The current pandemic will not by itself transform the global economy. It will, however, reveal existing vulnerabilities and encourage certain trends. But much depends on how individual governments and the international community respond to what COVID-19 has revealed about the way the world works—and doesn’t work.

  1. James Hamblin, “You’re Likely to Get the Coronavirus,” The Atlantic, February 24, 2020. 
  2. The Steam Has Gone Out of Globalization,” The Economist, January 24, 2019. 
  3. Pankaj Ghemawat, “Globalization: Myth and Reality,” Harvard Business Review, February 24, 2017. 
  4. Alan McKinnon, “Freight Transport in a Low-Carbon World,” TR News 306 (November–December 2016). 
  5. Puneet Wadhwa, “Moody’s Cuts India 2020 GDP Forecast to 2.5%; Global Growth to Dip to –0.5%,” Business Standard, March 27, 2020. 
  6. UK Prime Minister’s Office, “G20 Leaders’ Summit—Statement on COVID-19: 26 March 2020,”, March 26, 2020. Kori Schake, “Globalization Is the Best Medicine for a Sick Planet,” Bloomberg, March 27, 2020. 
  7. Kemal Derviş and Sebastián Strauss, “Amid Rise of Nationalism, Coronavirus and Climate Change May Spur a New Wave of International Cooperation,” MarketWatch, March 8, 2020. 
  8. Keith Bradsher and Liz Alderman, “The World Needs Masks.
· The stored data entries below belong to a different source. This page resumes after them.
lemma J_J_apply: "J o\<^sub>L J = - id_blinfun \<Longrightarrow> J (J v) = - v"
  by (metis blinfun_apply_blinfun_compose blinfun.minus_left id_blinfun.rep_eq)

lemma cscale_cscale:
  assumes "J o\<^sub>L J = - id_blinfun"
  shows "cscale J a (cscale J b v) = cscale J (a * b) v"
  using J_J_apply[OF assms, of v]
  by (simp add: cscale_def blinfun.add_right blinfun.scaleR_right algebra_simps
      scaleR_add_left[symmetric] del: scaleR_add_left)

lemma complex_structure_J_J: "complex_structure J \<Longrightarrow> J o\<^sub>L J = - id_blinfun"
  by (simp add: complex_structure_def)

lemma norm_cscale: "complex_structure J \<Longrightarrow> norm (cscale J c v) = cmod c * norm v"
  by (simp add: complex_structure_def cscale_def)

lemma cscale_intertwining:
  assumes "J' o\<^sub>L A = A o\<^sub>L J"
  shows "A (cscale J c v) = cscale J' c (A v)"
proof -
  have "A (J v) = J' (A v)"
    using assms by (metis blinfun_apply_blinfun_compose)
  then show ?thesis by (simp add: cscale_def blinfun.add_right blinfun.scaleR_right)
qed

lemma clinear_op_cscale: "clinear_op JX JY A \<Longrightarrow> A (cscale JX c v) = cscale JY c (A v)"
  by (rule cscale_intertwining) (simp add: clinear_op_def)

lemma clinear_op_add: "clinear_op JX JY A \<Longrightarrow> clinear_op JX JY B \<Longrightarrow> clinear_op JX JY (A + B)"
  by (simp add: clinear_op_def blinfun_compose_add_left blinfun_compose_add_right)

definition op_cstruct :: "('x::real_normed_vector \<Rightarrow>\<^sub>L 'x) \<Rightarrow> (('y::real_normed_vector \<Rightarrow>\<^sub>L 'x) \<Rightarrow>\<^sub>L ('y \<Rightarrow>\<^sub>L 'x))"
  where "op_cstruct J = Blinfun (\<lambda>A. J o\<^sub>L A)"

lemma op_cstruct_apply [simp]: "op_cstruct J A = J o\<^sub>L A"
  unfolding op_cstruct_def
  by (subst bounded_linear_Blinfun_apply)
     (auto intro: bounded_bilinear.bounded_linear_right[OF bounded_bilinear_blinfun_compose])

lemma cscale_op_eq: "cscale_op J c A = cscale (op_cstruct J) c A"
  by (simp add: cscale_op_def cscale_def)
lemma link_pairs:
  assumes "w \<in> space M" "v \<in> space M" "link w w' v"
  shows "(idx w + 1) div 2 = (idx' w' + 1) div 2" and "idx' w' div 2 = idx v div 2"
proof -
  have w': "w' \<in> space M'" and "A w w' \<noteq> 0" "B w' v \<noteq> 0"
    using assms(3) unfolding link_def by auto
  obtain k where "k \<ge> 1" "idx w \<in> {2*k-1, 2*k}" "idx' w' \<in> {2*k-1, 2*k}"
    using A_supp[OF assms(1) w' \<open>A w w' \<noteq> 0\<close>] spM spM' assms(1) w'
    by (auto simp: mem_blk_iff_block_index[OF disj] mem_blk_iff_block_index[OF disj'])
  then show "(idx w + 1) div 2 = (idx' w' + 1) div 2" by auto
  obtain l where "idx' w' \<in> {2*l, 2*l+1}" "idx v \<in> {2*l, 2*l+1}"
    using B_supp[OF assms(2) w' \<open>B w' v \<noteq> 0\<close>] spM spM' assms(2) w'
    by (auto simp: mem_blk_iff_block_index[OF disj] mem_blk_iff_block_index[OF disj'])
  then show "idx' w' div 2 = idx v div 2" by auto
qed

lemma link_idx'_unique:
  assumes "w \<in> space M" "v \<in> space M" "link w w1 v" "link w w2 v"
  shows "idx' w1 = idx' w2"
proof -
  have split: "j = (j + 1) div 2 + j div 2" for j :: nat
    by presburger
  show ?thesis
    using split[of "idx' w1"] split[of "idx' w2"]
      link_pairs[OF assms(1,2,3)] link_pairs[OF assms(1,2,4)] by linarith
qed

lemma lam'_mu'_const:
  assumes "j \<in> {1..m}" "y \<in> S j" "w1 \<in> S' j" "w2 \<in> S' j"
  shows "lam' w1 * mu' w1 = lam' w2 * mu' w2"
proof -
  have "(lam y * mu y) * (lam' w1 * mu' w1) = (lam y * mu y) * (lam' w2 * mu' w2)"
    using prod1[OF assms(1,2,3)] prod1[OF assms(1,2,4)] by (simp add: mult.assoc)
  moreover have "lam y * mu y \<noteq> 0"
    using prod1[OF assms(1,2,3)] by auto
  ultimately show ?thesis by simp
qed

lemma kernels_vanish:
  assumes "\<not> (\<exists>w'. link w w' v)"
  shows "K w v = 0" and "K' w v = 0"
  using assms by (auto simp: link_def intro!: kcomp_eq_0)
lemma lommel_series_turan_sums:
  assumes "b > 0"
  shows "(\<lambda>n. z ^ n * turan_coeff (lommel_coeff a b) b n)
           sums (lommel_series a b z ^ 2 - lommel_series a (b - 1) z * lommel_series a (b + 1) z)"
proof -
  let ?c = "lommel_coeff a b"
  have "(\<lambda>n. z ^ n * (\<Sum>i\<le>n. lommel_coeff a (b - 1) i * lommel_coeff a (b + 1) (n - i)))
          sums (lommel_series a (b - 1) z * lommel_series a (b + 1) z)"
    unfolding lommel_series_def by (intro power_series_Cauchy_product_sums summable_lommel_series)
  moreover have "z ^ n * turan_coeff ?c b n
      = z ^ n * (\<Sum>i\<le>n. ?c i * ?c (n - i))
        - z ^ n * (\<Sum>i\<le>n. lommel_coeff a (b - 1) i * lommel_coeff a (b + 1) (n - i))" for n
  proof -
    have "lommel_coeff a (b - 1) i * lommel_coeff a (b + 1) (n - i)
            = ?c i * ?c (n - i) * ((real i + b - 1) / (real (n - i) + b))" for i
      using assms by (simp add: lommel_coeff_minus1 lommel_coeff_plus1)
    then show ?thesis
      by (simp add: turan_coeff_def right_diff_distrib sum_subtractf)
  qed
  ultimately show ?thesis
    using sums_diff[OF lommel_series_square_sums] by presburger
qed

lemma lommel_series_turan_lower:
  assumes "a > 0" and "b > 0" and "z \<ge> 0"
  shows "(rGamma a * rGamma b) ^ 2 / b
           \<le> lommel_series a b z ^ 2 - lommel_series a (b - 1) z * lommel_series a (b + 1) z"
proof -
  let ?c = "lommel_coeff a b"
  note sums = lommel_series_turan_sums[OF \<open>b > 0\<close>, of z a]
  have "turan_coeff ?c b n \<ge> 0" for n
    using assms lommel_coeff_pos[of a b]
    by (intro turan_coeff_nonneg[of a]) (auto simp: lommel_coeff_Suc less_imp_le)
  then have "(\<Sum>n\<in>{0}. z ^ n * turan_coeff ?c b n) \<le> (\<Sum>n. z ^ n * turan_coeff ?c b n)"
    using \<open>z \<ge> 0\<close> by (intro sum_le_suminf sums_summable[OF sums]) auto
  moreover have "turan_coeff ?c b 0 = (rGamma a * rGamma b) ^ 2 / b"
    using \<open>b > 0\<close> by (simp add: turan_coeff_0 lommel_coeff_def)
  ultimately show ?thesis
    using sums_unique[OF sums] by simp
qed

lemma lommel_series_turan_upper:
  assumes "a > 0" and "b > 0" and "z \<ge> 0"
  shows "lommel_series a b z ^ 2 - lommel_series a (b - 1) z * lommel_series a (b + 1) z
           \<le> lommel_series a b z ^ 2 / b"
proof (rule sums_le[OF _ lommel_series_turan_sums[OF \<open>b > 0\<close>]
                        sums_divide[OF lommel_series_square_sums]])
  fix n
  have "turan_coeff (lommel_coeff a b) b n
          \<le> (\<Sum>i\<le>n. lommel_coeff a b i * lommel_coeff a b (n - i)) / b"
    using assms lommel_coeff_pos[of a b] by (intro turan_coeff_le) (auto simp: less_imp_le)
  then show "z ^ n * turan_coeff (lommel_coeff a b) b n
      \<le> z ^ n * (\<Sum>i\<le>n. lommel_coeff a b i * lommel_coeff a b (n - i)) / b"
    using \<open>z \<ge> 0\<close>
    by (simp add: mult_left_mono times_divide_eq_right[symmetric] del: times_divide_eq_right)
qed
(* Let $d\ge 1$, $\phi(\mathbf x,\theta)=\|\mathbf x-\theta\|$ for $\mathbf x,\theta\in\mathbb R^d$, and let $h\colon L^\infty(\mathbb R^d)\to\mathbb R$ be bounded (maps bounded sets to bounded sets) with $h(g\circ\psi)=h(g)$ for all $g\in L^\infty(\mathbb R^d)$ and every bijection $\psi\colon\mathbb R^d\to\mathbb R^d$. Let $\mu_0,\nu_0\in\mathcal P^+_{\phi,c}(\mathbb R^d)$ satisfy $\mathcal N_{h,\phi}[\mu_0]\neq\mathcal N_{h,\phi}[\nu_0]$ and consider $$\mathbb F=\{(s\mathbf Q\cdot+\mathbf y)_\#\mu_0 : s>0,\ \mathbf Q\in\mathrm O(d),\ \mathbf y\in\mathbb R^d\},\qquad \mathbb G=\{(s\mathbf Q\cdot+\mathbf y)_\#\nu_0 : s>0,\ \mathbf Q\in\mathrm O(d),\ \mathbf y\in\mathbb R^d\}.$$ Then $\mathbb F,\mathbb G\subset\mathcal P^+_{\phi,c}(\mathbb R^d)$, and $\mathcal N_{h,\phi}[\mathbb F]$ and $\mathcal N_{h,\phi}[\mathbb G]$ are linearly separable in $L^\infty_\rho(\mathbb R)$.
   Context: Circular Radon transform: for $\theta\in\mathbb R^d$ and a finite Borel measure $\mu$ on $\mathbb R^d$, $\mathcal R_{\phi,\theta}[\mu]=(\phi(\cdot,\theta))_\#\mu$, a measure on $\mathbb R$. Fix a reference Borel probability measure $\rho$ on $\mathbb R$ without atoms. For a probability measure $\nu$ on $\mathbb R$ with $F_\nu(t)=\nu((-\infty,t])$, let $F_\nu^{[-1]}(t)=\inf\{s:F_\nu(s)>t\}$ and the CDT $\hat\nu=F_\nu^{[-1]}\circ F_\rho$; $\widehat{\mathcal R}_{\phi,\theta}[\mu]$ is the CDT of $\mathcal R_{\phi,\theta}[\mu]$. For $g\in L^2_\rho(\mathbb R)$, $\operatorname{mean}(g)=\int g\,\mathrm d\rho$, $\operatorname{std}(g)=(\int|g-\operatorname{mean}(g)|^2\mathrm d\rho)^{1/2}$; for a probability measure on $\mathbb R$, $\operatorname{std}$ denotes its standard deviation. $\mathcal P^+_{\phi,c}(\mathbb R^d)$ is the set of Borel probability measures $\mu$ on $\mathbb R^d$ with compact support for which there is $c>0$ with $\operatorname{std}(\mathcal R_{\phi,\theta}[\mu])\ge c$ for all $\theta\in\mathbb R^d$. For such $\mu$, $\mathcal N_\phi[\mu](t,\theta)=\big(\widehat{\mathcal R}_{\phi,\theta}[\mu](t)-\operatorname{mean}(\widehat{\mathcal R}_{\phi,\theta}[\mu])\big)/\operatorname{std}(\widehat{\mathcal R}_{\phi,\theta}[\mu])$ and $\mathcal N_{h,\phi}[\mu](t)=h(\mathcal N_\phi[\mu](t,\cdot))$, $t\in\mathbb R$. Subsets $A,B$ of a normed space $V$ are linearly separable if there exist a continuous linear functional $\ell$ on $V$ and $c\in\mathbb R$ with $\ell>c$ on $A$ and $\ell<c$ on $B$.
   Formalization: $\mathcal N_{h,\phi}[\mu_0]$ and $\mathcal N_{h,\phi}[\nu_0]$ are also assumed Borel measurable and $\rho$-essentially bounded, that is, to lie in $L^\infty_\rho(\mathbb R)$. The statement above fails without it. *)

theory Defs
  imports "HOL-Probability.Probability"
begin

definition circ_radon :: "'a::euclidean_space measure \<Rightarrow> 'a \<Rightarrow> real measure" where
  "circ_radon \<mu> \<theta> = distr \<mu> borel (\<lambda>x. norm (x - \<theta>))"

definition gen_inv :: "(real \<Rightarrow> real) \<Rightarrow> real \<Rightarrow> real" where
  "gen_inv F t = Inf {s. F s > t}"

definition cdt :: "real measure \<Rightarrow> real measure \<Rightarrow> real \<Rightarrow> real" where
  "cdt \<rho> \<nu> = (\<lambda>t. gen_inv (cdf \<nu>) (cdf \<rho> t))"

definition fmean :: "real measure \<Rightarrow> (real \<Rightarrow> real) \<Rightarrow> real" where
  "fmean \<rho> g = (\<integral>t. g t \<partial>\<rho>)"

definition fstd :: "real measure \<Rightarrow> (real \<Rightarrow> real) \<Rightarrow> real" where
  "fstd \<rho> g = sqrt (\<integral>t. (g t - fmean \<rho> g)\<^sup>2 \<partial>\<rho>)"

definition mstd :: "real measure \<Rightarrow> real" where
  "mstd \<nu> = sqrt (\<integral>x. (x - (\<integral>y. y \<partial>\<nu>))\<^sup>2 \<partial>\<nu>)"
lemma l0_cost_ge_heavy_columns:
  "card {i. i < N \<and> k < card (col_support M A i)} * Suc k \<le> l0_cost M N A"
proof -
  let ?H = "{i. i < N \<and> k < card (col_support M A i)}"
  have "card ?H * Suc k = (\<Sum>i\<in>?H. Suc k)" by simp
  also have "\<dots> \<le> (\<Sum>i\<in>?H. card (col_support M A i))"
    by (intro sum_mono) auto
  also have "\<dots> \<le> (\<Sum>i<N. card (col_support M A i))"
    by (intro sum_mono2) auto
  finally show ?thesis
    by (simp add: l0_cost_eq_sum_card_col_support)
qed

lemma l0_cost_ge_of_few_light_columns:
  assumes "real (card {i. i < N \<and> card (col_support M A i) \<le> k}) \<le> real N / 2"
  shows "real N / 2 * (real k + 1) \<le> real (l0_cost M N A)"
proof -
  let ?light = "{i. i < N \<and> card (col_support M A i) \<le> k}"
  let ?heavy = "{i. i < N \<and> k < card (col_support M A i)}"
  have "card ?light + card ?heavy = card (?light \<union> ?heavy)"
    by (intro card_Un_disjoint[symmetric]) auto
  also have "?light \<union> ?heavy = {..<N}"
    by auto
  finally have "real N / 2 \<le> real (card ?heavy)"
    using assms by simp
  then have "real N / 2 * (real k + 1) \<le> real (card ?heavy) * (real k + 1)"
    by (intro mult_right_mono) auto
  also have "\<dots> = real (card ?heavy * Suc k)"
    by (simp add: algebra_simps)
  also have "\<dots> \<le> real (l0_cost M N A)"
    using l0_cost_ge_heavy_columns by (simp only: of_nat_le_iff)
  finally show ?thesis .
qed

lemma pow_div_fact_le_exp: "real s ^ s / fact s \<le> exp (real s)"
proof -
  have sums: "(\<lambda>m. real s ^ m /\<^sub>R fact m) sums exp (real s)"
    by (rule exp_converges)
  have "(\<Sum>m\<in>{s}. real s ^ m /\<^sub>R fact m) \<le> (\<Sum>m. real s ^ m /\<^sub>R fact m)"
    by (rule sum_le_suminf) (use sums sums_summable in auto)
  then show ?thesis
    using sums_unique[OF sums] by (simp add: divide_inverse mult.commute)
qed

lemma binomial_le_exp_ratio_pow:
  assumes "1 \<le> s"
  shows "real (n choose s) \<le> (exp 1 * real n / real s) ^ s"
proof -
  have "real (n choose s) * fact s \<le> real n ^ s"
    using binomial_fact_pow[of n s] by (metis of_nat_fact of_nat_le_iff of_nat_mult of_nat_power)
  moreover have "real s ^ s \<le> exp (real s) * fact s"
    using pow_div_fact_le_exp[of s] by (simp add: divide_le_eq)
  ultimately have "real (n choose s) * real s ^ s \<le> exp (real s) * real n ^ s"
  proof -
    assume choose: "real (n choose s) * fact s \<le> real n ^ s"
      and pow: "real s ^ s \<le> exp (real s) * fact s"
    have "real (n choose s) * real s ^ s \<le> real (n choose s) * (exp (real s) * fact s)"
      using pow by (intro mult_left_mono) auto
    also have "\<dots> = exp (real s) * (real (n choose s) * fact s)"
      by (simp add: algebra_simps)
    also have "\<dots> \<le> exp (real s) * real n ^ s"
      using choose by (intro mult_left_mono) auto
    finally show ?thesis .
  qed
  then have "real (n choose s) \<le> exp (real s) * real n ^ s / real s ^ s"
    using assms by (simp add: le_divide_eq)
  also have "\<dots> = (exp 1 * real n / real s) ^ s"
    by (simp add: power_divide power_mult_distrib exp_of_nat_mult[symmetric])
  finally show ?thesis .
qed
definition voltage :: "'d \<Rightarrow> 'g" where
  "voltage e = edge_shift (edge_lift (grev B e)) (grev Y (edge_lift e))"

lemma voltage:
  assumes e: "e \<in> gedges B"
  shows "voltage e \<in> carrier G \<and> aE (voltage e) (edge_lift (grev B e)) = grev Y (edge_lift e)"
  unfolding voltage_def
  using edge_shift edge_lift base_grev_closed[OF e] e grev_closed fE_grev by metis

lemma voltage_grev:
  assumes e: "e \<in> gedges B"
  shows "voltage (grev B e) = inv (voltage e)"
proof -
  let ?a = "voltage e"
  have a: "?a \<in> carrier G" and shift: "aE ?a (edge_lift (grev B e)) = grev Y (edge_lift e)"
    using voltage e by auto
  have lifts: "edge_lift e \<in> gedges Y" "edge_lift (grev B e) \<in> gedges Y"
    using edge_lift base_grev_closed e by auto
  have "aE ?a (grev Y (edge_lift (grev B e))) = grev Y (aE ?a (edge_lift (grev B e)))"
    using grev_aE[OF a lifts(2)] by simp
  also have "\<dots> = edge_lift e" using shift grev_grev lifts(1) by simp
  finally have "aE (inv ?a) (edge_lift e) = grev Y (edge_lift (grev B e))"
    using aE_inv[OF a grev_closed[OF lifts(2)]] by simp
  then have "edge_shift (edge_lift e) (grev Y (edge_lift (grev B e))) = inv ?a"
    using edge_shift_eq lifts(1) a by blast
  then show ?thesis
    unfolding voltage_def[of "grev B e"] base_grev_grev[OF e] .
qed

lemma gtgt_edge_lift:
  assumes e: "e \<in> gedges B"
  shows "gtgt Y (edge_lift e) = aV (voltage e) (base_lift (gtgt B e))"
proof -
  have "gtgt Y (edge_lift e) = gsrc Y (grev Y (edge_lift e))"
    using gsrc_grev edge_lift e by metis
  also have "\<dots> = gsrc Y (aE (voltage e) (edge_lift (grev B e)))"
    using voltage e by metis
  also have "\<dots> = aV (voltage e) (base_lift (gtgt B e))"
    using gsrc_aE voltage edge_lift base_grev_closed base_gsrc_grev e by metis
  finally show ?thesis .
qed

lemma translate_edge_lift:
  assumes "y \<in> gedges Y"
  obtains g where "g \<in> carrier G" and "aE g (edge_lift (fE y)) = y"
  using edge_shift edge_lift fE_closed assms by metis

definition derived_vertex :: "'v \<Rightarrow> 'g set \<times> 'w" where
  "derived_vertex v = (vertex_coset v, fV v)"

definition derived_edge :: "'e \<Rightarrow> 'g \<times> 'd" where
  "derived_edge y = (edge_shift (edge_lift (fE y)) y, fE y)"

abbreviation derived :: "('g set \<times> 'w, 'g \<times> 'd) graph" where
  "derived \<equiv> derived_graph G B voltage base_stabilizer"
lemma has_real_derivative_lagrangian_segment:
  fixes f :: "'a::real_inner \<Rightarrow> real" and g :: "'a \<Rightarrow> 'b::real_inner"
  assumes fd: "(f has_derivative (\<lambda>v. a \<bullet> v)) (at (x + s *\<^sub>R h))"
    and gd: "(g has_derivative G) (at (x + s *\<^sub>R h))"
  shows "((\<lambda>s. f (x + s *\<^sub>R h) + y \<bullet> g (x + s *\<^sub>R h)) has_real_derivative (a \<bullet> h + y \<bullet> G h)) (at s)"
proof -
  have seg: "((\<lambda>s. x + s *\<^sub>R h) has_derivative (\<lambda>r. r *\<^sub>R h)) (at s)"
    by (auto intro!: derivative_eq_intros)
  have "((\<lambda>s. f (x + s *\<^sub>R h) + y \<bullet> g (x + s *\<^sub>R h)) has_derivative
      (\<lambda>r. a \<bullet> (r *\<^sub>R h) + y \<bullet> G (r *\<^sub>R h))) (at s)"
    by (intro has_derivative_add has_derivative_compose[OF seg fd]
        has_derivative_inner_right has_derivative_compose[OF seg gd])
  moreover have "(\<lambda>r. a \<bullet> (r *\<^sub>R h) + y \<bullet> G (r *\<^sub>R h)) = (\<lambda>r. (a \<bullet> h + y \<bullet> G h) * r)"
    using linear_scale[OF has_derivative_linear[OF gd]] by (auto simp: algebra_simps)
  ultimately show ?thesis by (simp add: has_field_derivative_def)
qed

text \<open>The regular normal (z, -w) to the graph of the gradient, tested at the graph point over
  xb + u, gives z \<bullet> u \<le> w \<bullet> (df (xb + u) - df xb) + o(norm u).\<close>

lemma gradient_increment_inner_le:
  fixes df :: "'a::real_inner \<Rightarrow> 'a"
  assumes Lip: "norm (df (xb + u) - df xb) \<le> L * norm u" and "L \<ge> 0" and "xb + u \<in> U"
    and z: "\<forall>p\<in>{(x, df x) |x. x \<in> U}. norm (p - (xb, df xb)) < \<delta> \<longrightarrow>
                 (z, - w) \<bullet> (p - (xb, df xb)) \<le> \<epsilon> * norm (p - (xb, df xb))"
    and small: "(1 + L) * norm u < \<delta>" and "\<epsilon> > 0"
    and u: "u = (s * t) *\<^sub>R d" and "s \<ge> 0" and "t > 0"
  shows "(df (xb + u) - df xb) \<bullet> (t *\<^sub>R d) \<le>
           s * (t\<^sup>2 * (- (z \<bullet> d) + \<epsilon> * (1 + L) * norm d + L * norm (d + w) * norm d))"
proof -
  define \<Delta> where "\<Delta> = df (xb + u) - df xb"
  have pair_le: "norm (u, \<Delta>) \<le> (1 + L) * norm u"
    using norm_Pair_le[of u \<Delta>] Lip by (simp add: \<Delta>_def algebra_simps)
  have "(xb + u, df (xb + u)) - (xb, df xb) = (u, \<Delta>)" by (simp add: \<Delta>_def)
  then have "(z, - w) \<bullet> (u, \<Delta>) \<le> \<epsilon> * norm (u, \<Delta>)"
    using z \<open>xb + u \<in> U\<close> pair_le small by force
  also have "\<dots> \<le> \<epsilon> * ((1 + L) * norm u)" using pair_le \<open>\<epsilon> > 0\<close> by (intro mult_left_mono) auto
  finally have zu: "z \<bullet> u - w \<bullet> \<Delta> \<le> \<epsilon> * ((1 + L) * norm u)" by simp
  have "\<Delta> \<bullet> d + \<Delta> \<bullet> w \<le> L * norm u * norm (d + w)"
    using norm_cauchy_schwarz[of \<Delta> "d + w"] mult_right_mono[OF Lip, of "norm (d + w)"]
    by (simp add: \<Delta>_def inner_add_right)
  then have "\<Delta> \<bullet> d \<le> L * norm u * norm (d + w) + \<epsilon> * ((1 + L) * norm u) - z \<bullet> u"
    using zu by (simp add: inner_commute)
  then have "\<Delta> \<bullet> (t *\<^sub>R d) \<le> t * (L * norm u * norm (d + w) + \<epsilon> * ((1 + L) * norm u) - z \<bullet> u)"
    using \<open>t > 0\<close> by (simp add: mult_left_mono)
  also have "\<dots> = s * (t\<^sup>2 * (- (z \<bullet> d) + \<epsilon> * (1 + L) * norm d + L * norm (d + w) * norm d))"
    using \<open>s \<ge> 0\<close> \<open>t > 0\<close> by (simp add: u power2_eq_square algebra_simps)
  finally show ?thesis by (simp add: \<Delta>_def)
qed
China Makes Them—But Has Been Hoarding Them,” New York Times, March 13, 2020. 
  9. Mark Muro, Robert Maxim, and Jacob Whiton, “The Robots Are Ready as the COVID-19 Recession Spreads,” Brookings, March 24, 2020. 
  10. World Bank Group, World Development Report 2016: Digital Dividends (Washington, DC: International Bank for Reconstruction and Development, 2016). 
  11. Meegan Crist, “What the Coronavirus Means for Climate Change,” New York Times, March 27, 2020. 
  12. Matt McGrath, “Coronavirus: Air Pollution and CO2 Fall Rapidly as Virus Spreads,” BBC News, March 19, 2020. 
  13. Global Humanitarian Response Plan: COVID-19, United Nations Coordinated Appeal, April–December 2020 (Geneva: United Nations Office for the Coordination of Human Affairs, 2020). 
  14. Kurt Campbell and Rush Doshi, “The Coronavirus Could Reshape Global Order,” Foreign Affairs, March 18, 2020. 
  15. John Feffer, “There’s a New Crash Coming,” Foreign Policy in Focus, September 19, 2018.